By François Massion April 12, 2011

There is really no lack of literature about software localization. Many interesting articles describe at length what it takes to localize a program, starting with the globalization of software in the development phase to make it match the requirements of different countries and languages, up until the production of multilingual online help. These contributions deal mainly with office applications running in a Windows, Linux or Mac environment.

The rapid progress in the automation of industrial production, the widespread use of electronics in everyday life, and the internet as a communication and cooperative platform have put some strains on traditional localization approaches. This evolution brings new challenges for translators and software developers alike. About 50 years ago, the first numerical control machines appeared on the market. Today, you can find software texts in as diverse situations as cars, operating rooms and common home appliances. And, of course, the user expects to read and understand all the messages and commands in his or her mother tongue.

So far, the localization of machine software and embedded system software has attracted no or little attention from the localization industry, even if (or rather because?) the difficulties are quite large. The result is that many manufacturers of numerically controlled machines, plants or equipment often go backwards over themselves in time-consuming and costly ways to localize their software. Translators have their difficulties with machine texts as well. This situation is partly due to a lack of awareness of the internationalization and localization process on the part of the software engineers, and partly due to the fact that generally accepted localization concepts are missing in this area. Many manufacturers standardize the programming of their applications, though, as it is the case with the IEC 61131-3 or with the ISO 14649 (STEP-NC) standard.

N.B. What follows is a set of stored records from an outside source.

text \<open>Three pairwise overlapping transpositions either form a triangle on three points or a star
  at a common point; only a triangle has a common neighbour besides the identity.\<close>

lemma cay_common_neighbours_triple_empty_iff:
  assumes s: "s \<in> S" and t: "t \<in> S" and u: "u \<in> S" and ne: "s \<noteq> t" "s \<noteq> u" "t \<noteq> u"
    and meet: "moved s \<inter> moved t \<noteq> {}" "moved s \<inter> moved u \<noteq> {}" "moved t \<inter> moved u \<noteq> {}"
  shows "cay_common_neighbours n S {s, t, u} = {} \<longleftrightarrow> moved s \<inter> moved t \<inter> moved u \<noteq> {}"
proof -
  obtain i j where ij: "i \<noteq> j" "s = transpose i j" using obtain_transpose s by metis
  obtain k l where kl: "k \<noteq> l" "t = transpose k l" using obtain_transpose t by metis
  have "{i, j} \<noteq> {k, l}" using ne ij kl transpose_eq_transpose_iff by metis
  then obtain a b c where abc: "distinct [a, b, c]" "s = transpose a b" "t = transpose b c"
    using transpose_pair_meeting_shape[OF ij(1) kl(1)] meet(1) ij kl by (metis moved_transpose)
  have mst: "moved s = {a, b}" "moved t = {b, c}" using abc by (simp_all add: moved_transpose)
  obtain p q where pq: "p \<noteq> q" "u = transpose p q" using obtain_transpose u by metis
  show ?thesis
  proof (cases "b \<in> moved u")
    case False
    then have "a \<in> moved u" "c \<in> moved u" using meet(2,3) mst by auto
    then have "moved u = {a, c}" using card2_eq_doubleton[OF card_moved[OF u]] abc by simp
    then have "u = transpose a c" using pq abc by (simp add: transpose_eq_if_moved_eq)
    then have "cay_common_neighbours n S {s, t, u} \<noteq> {}"
      using cay_common_neighbours_triangle[OF abc(1)] s t u abc by blast
    moreover have "moved s \<inter> moved t \<inter> moved u = {}" using mst False abc by auto
    ultimately show ?thesis by blast
  next
    case True
    then have "b = p \<or> b = q" using pq by (simp add: moved_transpose)
    then obtain e where e: "e \<noteq> b" "u = transpose b e"
      using pq by (metis transpose_commute)
    have "e \<noteq> a" "e \<noteq> c" using ne abc e by (auto simp: transpose_commute)
    then have "distinct [a, b, e]" "c \<noteq> e" using abc e by auto
    then have "cay_common_neighbours n S {s, t, u} = {}"
      using cay_common_neighbours_star[OF abc(1)] s t u abc e by simp
    then show ?thesis using mst e True by auto
  qed
qed

lemma inv_eq_self: "s \<in> S \<Longrightarrow> inv s = s"
  by (metis obtain_transpose inv_transpose_eq)

lemma generates_Sym_not_invariant:
  assumes gen: "generates_Sym n S" and A: "A \<subseteq> {1..n}" "x \<in> A" "y \<in> {1..n}" "y \<notin> A"
  shows "\<exists>s\<in>S. \<exists>a\<in>A. s a \<notin> A"
proof (rule ccontr)
  assume "\<not> ?thesis"
  then have "g x \<in> A" if "g \<in> generated S" for g
    using generated_preserves[OF _ that A(2)] inv_eq_self by metis
  moreover have "transpose x y \<in> generated S"
    using gen transpose_in_Sym A unfolding generates_Sym_def by blast
  ultimately show False using A by fastforce
qed

lemma moved_cover:
  assumes "n \<ge> 2" "generates_Sym n S"
  shows "\<Union>(moved ` S) = {1..n}"
proof
  show "\<Union>(moved ` S) \<subseteq> {1..n}" using moved_subset by blast
  show "{1..n} \<subseteq> \<Union>(moved ` S)"
  proof
    fix v assume v: "v \<in> {1..n}"
    have "(if v = 1 then 2 else 1) \<in> {1..n} - {v}" using assms(1) by auto
    then obtain s a where "s \<in> S" "a \<in> {v}" "s a \<notin> {v}"
      using generates_Sym_not_invariant[OF assms(2), of "{v}" v] v by blast
    then show "v \<in> \<Union>(moved ` S)" unfolding moved_def by blast
  qed
qed
text \<open>Geodesic vector field of the metric e^(2 lam)(dx^2+dy^2), in the coordinates
  (x,y,theta) where theta is the angle between v and d/dx:
  X = e^(-lam) (cos theta d_x + sin theta d_y + (- d_x lam sin theta + d_y lam cos theta) d_theta).\<close>
definition geoX :: "(real \<times> real \<Rightarrow> real) \<Rightarrow> ((real \<times> real) \<times> real \<Rightarrow> 'b::real_normed_vector)
                    \<Rightarrow> (real \<times> real) \<times> real \<Rightarrow> 'b" where
  "geoX lam f q = (case q of (p, \<theta>) \<Rightarrow>
     exp (- lam p) *\<^sub>R (cos \<theta> *\<^sub>R pdX f q + sin \<theta> *\<^sub>R pdY f q
        + (- pdx lam p * sin \<theta> + pdy lam p * cos \<theta>) *\<^sub>R pdTheta f q))"

text \<open>The 1-form A = Ax dx + Ay dy regarded as a function on SM: A(x,v) = A_x(v),
  with the unit vector v = e^(-lam)(cos theta, sin theta).\<close>
definition A_SM :: "(real \<times> real \<Rightarrow> real) \<Rightarrow> (real \<times> real \<Rightarrow> complex^2^2) \<Rightarrow> (real \<times> real \<Rightarrow> complex^2^2)
                    \<Rightarrow> (real \<times> real) \<times> real \<Rightarrow> complex^2^2" where
  "A_SM lam Ax Ay q = (case q of (p, \<theta>) \<Rightarrow>
     exp (- lam p) *\<^sub>R (cos \<theta> *\<^sub>R Ax p + sin \<theta> *\<^sub>R Ay p))"

definition dbar :: "(real \<times> real \<Rightarrow> complex^'n) \<Rightarrow> real \<times> real \<Rightarrow> complex^'n" where
  "dbar g p = (1/2) *\<^sub>R (pdx g p + cscale \<i> (pdy g p))"

definition A_zbar :: "(real \<times> real \<Rightarrow> complex^2^2) \<Rightarrow> (real \<times> real \<Rightarrow> complex^2^2) \<Rightarrow> real \<times> real \<Rightarrow> complex^2^2" where
  "A_zbar Ax Ay p = (1/2) *\<^sub>R (Ax p + cscaleM \<i> (Ay p))"

end

theory Submission
  imports Defs "HOL-Computational_Algebra.Polynomial"
begin

text \<open>
  Insert the Fourier expansion of b into X b + A b = 0 at a fixed point p. The coefficients
  of X and A are linear in cos \<theta> and sin \<theta>, which shift frequencies by \<plusminus>1, so the
  left-hand side is a trigonometric polynomial in \<theta> whose lowest frequency -N-1 receives a
  contribution from b_{-N} only. That coefficient vanishes, and in isothermal coordinates
  it is, up to a positive factor, the \<partial>-bar_A derivative of e^{-N\<lambda>} h \<xi>.
\<close>

lemma infinite_range_exp_imaginary: "infinite (range (\<lambda>t::real. exp (\<i> * of_real t)))"
proof
  assume "finite (range (\<lambda>t::real. exp (\<i> * of_real t)))"
  moreover have "inj_on (\<lambda>t::real. exp (\<i> * of_real t)) {-pi<..pi}"
    by (rule inj_on_inverseI[of _ Arg]) (simp add: Arg_cis flip: cis_conv_exp)
  ultimately have "finite {-pi<..pi}"
    by (meson finite_imageD finite_subset image_subsetI rangeI)
  then show False using infinite_Ioc[of "-pi" pi] by simp
qed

When it comes to the localization of machine software, companies are facing development, linguistic and organizational challenges. In order to better understand what distinguishes the localization of machine software from “normal” localization projects, let’s first summarize the classical localization process.

Traditionally, or at least ideally, software would be developed right from the beginning for international use. How this is implemented may differ somewhat depending on the programming language, but the basic principle is that the texts of various programming objects are stored in separate files (usually called resource files) together with some meta information such as the object type (messages, menu items, buttons, dialog titles, field names and so on) and possibly the object ID. In the case of Windows

.NET applications, programmers generate so-called satellite assemblies, which include translatable strings. In other programming languages, the software stores these strings in similar files, such as ResourceBundle in Java applications. Once the resource files have been generated, they can be processed with localization tools such as SDL Passolo, Visual Localize or Alchemy CATALYST. These programs use a parser (filter) for binary source files (DLLs or EXE files) and for other formats (XML files) and import the texts to be translated into the translation editor with some additional information if available. In the case of programming languages such as Visual C++ or C#, these localization tools offer a preview of the dialog in the translation editor. The translator can adjust the length of a field or object if he or she needs more space for the translation.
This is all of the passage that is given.